====== INPUT FOR THIS TASK ======
lemma infsum_weighted_Rf:
  fixes g :: "nat \<Rightarrow> real" and K :: "int \<Rightarrow> complex"
  assumes g_supp: "\<forall>q>Q. g q = 0"
    and K_even: "\<And>a. K (- a) = K a" and K_supp: "\<And>a. 2 * int h < \<bar>a\<bar> \<Longrightarrow> K a = 0"
  shows "infsum (\<lambda>a. K a * Rf g N a) {a. a \<noteq> 0} =
           (\<Sum>l\<in>{1..2*h}.
              infsum (\<lambda>(d, q). complex_of_real (g (l * d) * g (l * q) / real q) *
                (\<Sum>j\<in>{1..<q}. \<Sum>m\<in>mrange N l d.
                   complex_of_real (cos (2 * pi * real j * real d * of_int m / real q)) *
                   infsum (\<lambda>a. K (a * int l) * eq q (real j * of_int a)) {a. a \<noteq> 0})) cpairs)"
proof -
  define A where "A = {a :: int. a \<noteq> 0 \<and> \<bar>a\<bar> \<le> 2 * int h}"
  define B where "B l = {b. int l * b \<in> A}" for l :: nat
  define CP where "CP = cpairs \<inter> {1..Q} \<times> {1..Q}"
  define Z where "Z l = (\<lambda>(d, q). complex_of_real (g (l * d) * g (l * q) / real q) *
      (\<Sum>j\<in>{1..<q}. \<Sum>m\<in>mrange N l d.
         complex_of_real (cos (2 * pi * real j * real d * of_int m / real q)) *
         infsum (\<lambda>a. K (a * int l) * eq q (real j * of_int a)) {a. a \<noteq> 0}))" for l
  have finite_A: "finite A"
    unfolding A_def by (rule finite_subset[of _ "{- (2 * int h)..2 * int h}"]) auto
  have K_sum_finite: "infsum (\<lambda>b. K (b * int l) * eq q (real j * of_int b)) {b. b \<noteq> 0}
      = (\<Sum>b\<in>B l. K (b * int l) * eq q (real j * of_int b))" if "0 < l" for l q j
  proof (rule infsum_eq_sum_neutral)
    show "finite (B l)"
      unfolding B_def using finite_vimageI[OF finite_A, of "\<lambda>b. int l * b"] that
      by (simp add: inj_on_def vimage_def)
  qed (use that in \<open>auto simp: A_def B_def mult.commute intro: K_supp\<close>)
  have Z_eq: "(\<Sum>b\<in>B l. K (int l * b) * Rf_summand g N l (int l * b) p) = Z l p"
    if "0 < l" "p \<in> CP" for l p
  proof -
    obtain d q where p: "p = (d, q)" and "0 < q"
      using \<open>p \<in> CP\<close> by (auto simp: CP_def cpairs_def)
    have "- b \<in> B l" if "b \<in> B l" for b
      using that by (simp add: A_def B_def)
    then show ?thesis
      unfolding p Z_def prod.case K_sum_finite[OF \<open>0 < l\<close>]
      by (rule sum_even_weighted_Rf_summand[where K = K, OF _ K_even \<open>0 < l\<close> \<open>0 < q\<close>])
  qed
  have "infsum (\<lambda>a. K a * Rf g N a) {a. a \<noteq> 0} = (\<Sum>a\<in>A. K a * Rf g N a)"
    using finite_A by (rule infsum_eq_sum_neutral) (auto simp: A_def intro: K_supp)
  also have "\<dots> = (\<Sum>a\<in>A. \<Sum>l\<in>{l \<in> {1..2*h}. int l dvd a}. K a * sum (Rf_summand g N l a) CP)"
    unfolding CP_def
    by (intro sum.cong refl) (simp add: A_def Rf_eq_sum_upto[OF g_supp, where H = "2 * h"] sum_distrib_left)
  also have "\<dots> = (\<Sum>l\<in>{1..2*h}. \<Sum>b\<in>B l.
      K (int l * b) * sum (Rf_summand g N l (int l * b)) CP)"
    unfolding B_def using finite_A by (rule sum_over_divisors_swap) auto
  also have "\<dots> = (\<Sum>l\<in>{1..2*h}. \<Sum>p\<in>CP. Z l p)"
    unfolding sum_distrib_left by (subst sum.swap) (simp add: Z_eq)
  also have "\<dots> = (\<Sum>l\<in>{1..2*h}. infsum (Z l) cpairs)"
    unfolding CP_def using g_supp
    by (intro sum.cong refl infsum_cpairs_eq_sum[symmetric]) (auto simp: Z_def vanishing_at_multiple)
  finally show ?thesis
    unfolding Z_def .
qed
======
Write out the records again so that each line matches the original exactly.

> WORKED SOLUTION
lemma infsum_weighted_Rf:
  fixes g :: "nat \<Rightarrow> real" and K :: "int \<Rightarrow> complex"
  assumes g_supp: "\<forall>q>Q. g q = 0"
    and K_even: "\<And>a. K (- a) = K a" and K_supp: "\<And>a. 2 * int h < \<bar>a\<bar> \<Longrightarrow> K a = 0"
  shows "infsum (\<lambda>a. K a * Rf g N a) {a. a \<noteq> 0} =
           (\<Sum>l\<in>{1..2*h}.
              infsum (\<lambda>(d, q). complex_of_real (g (l * d) * g (l * q) / real q) *
                (\<Sum>j\<in>{1..<q}. \<Sum>m\<in>mrange N l d.
                   complex_of_real (cos (2 * pi * real j * real d * of_int m / real q)) *
                   infsum (\<lambda>a. K (a * int l) * eq q (real j * of_int a)) {a. a \<noteq> 0})) cpairs)"
proof -
  define A where "A = {a :: int. a \<noteq> 0 \<and> \<bar>a\<bar> \<le> 2 * int h}"
  define B where "B l = {b. int l * b \<in> A}" for l :: nat
  define CP where "CP = cpairs \<inter> {1..Q} \<times> {1..Q}"
  define Z where "Z l = (\<lambda>(d, q). complex_of_real (g (l * d) * g (l * q) / real q) *
      (\<Sum>j\<in>{1..<q}. \<Sum>m\<in>mrange N l d.
         complex_of_real (cos (2 * pi * real j * real d * of_int m / real q)) *
         infsum (\<lambda>a. K (a * int l) * eq q (real j * of_int a)) {a. a \<noteq> 0}))" for l
  have finite_A: "finite A"
    unfolding A_def by (rule finite_subset[of _ "{- (2 * int h)..2 * int h}"]) auto
  have K_sum_finite: "infsum (\<lambda>b. K (b * int l) * eq q (real j * of_int b)) {b. b \<noteq> 0}
      = (\<Sum>b\<in>B l. K (b * int l) * eq q (real j * of_int b))" if "0 < l" for l q j
  proof (rule infsum_eq_sum_neutral)
    show "finite (B l)"
      unfolding B_def using finite_vimageI[OF finite_A, of "\<lambda>b. int l * b"] that
      by (simp add: inj_on_def vimage_def)
  qed (use that in \<open>auto simp: A_def B_def mult.commute intro: K_supp\<close>)
  have Z_eq: "(\<Sum>b\<in>B l. K (int l * b) * Rf_summand g N l (int l * b) p) = Z l p"
    if "0 < l" "p \<in> CP" for l p
  proof -
    obtain d q where p: "p = (d, q)" and "0 < q"
      using \<open>p \<in> CP\<close> by (auto simp: CP_def cpairs_def)
    have "- b \<in> B l" if "b \<in> B l" for b
      using that by (simp add: A_def B_def)
    then show ?thesis
      unfolding p Z_def prod.case K_sum_finite[OF \<open>0 < l\<close>]
      by (rule sum_even_weighted_Rf_summand[where K = K, OF _ K_even \<open>0 < l\<close> \<open>0 < q\<close>])
  qed
  have "infsum (\<lambda>a. K a * Rf g N a) {a. a \<noteq> 0} = (\<Sum>a\<in>A. K a * Rf g N a)"
    using finite_A by (rule infsum_eq_sum_neutral) (auto simp: A_def intro: K_supp)
  also have "\<dots> = (\<Sum>a\<in>A. \<Sum>l\<in>{l \<in> {1..2*h}. int l dvd a}. K a * sum (Rf_summand g N l a) CP)"
    unfolding CP_def
    by (intro sum.cong refl) (simp add: A_def Rf_eq_sum_upto[OF g_supp, where H = "2 * h"] sum_distrib_left)
  also have "\<dots> = (\<Sum>l\<in>{1..2*h}. \<Sum>b\<in>B l.
      K (int l * b) * sum (Rf_summand g N l (int l * b)) CP)"
    unfolding B_def using finite_A by (rule sum_over_divisors_swap) auto
  also have "\<dots> = (\<Sum>l\<in>{1..2*h}. \<Sum>p\<in>CP. Z l p)"
    unfolding sum_distrib_left by (subst sum.swap) (simp add: Z_eq)
  also have "\<dots> = (\<Sum>l\<in>{1..2*h}. infsum (Z l) cpairs)"
    unfolding CP_def using g_supp
    by (intro sum.cong refl infsum_cpairs_eq_sum[symmetric]) (auto simp: Z_def vanishing_at_multiple)
  finally show ?thesis
    unfolding Z_def .
qed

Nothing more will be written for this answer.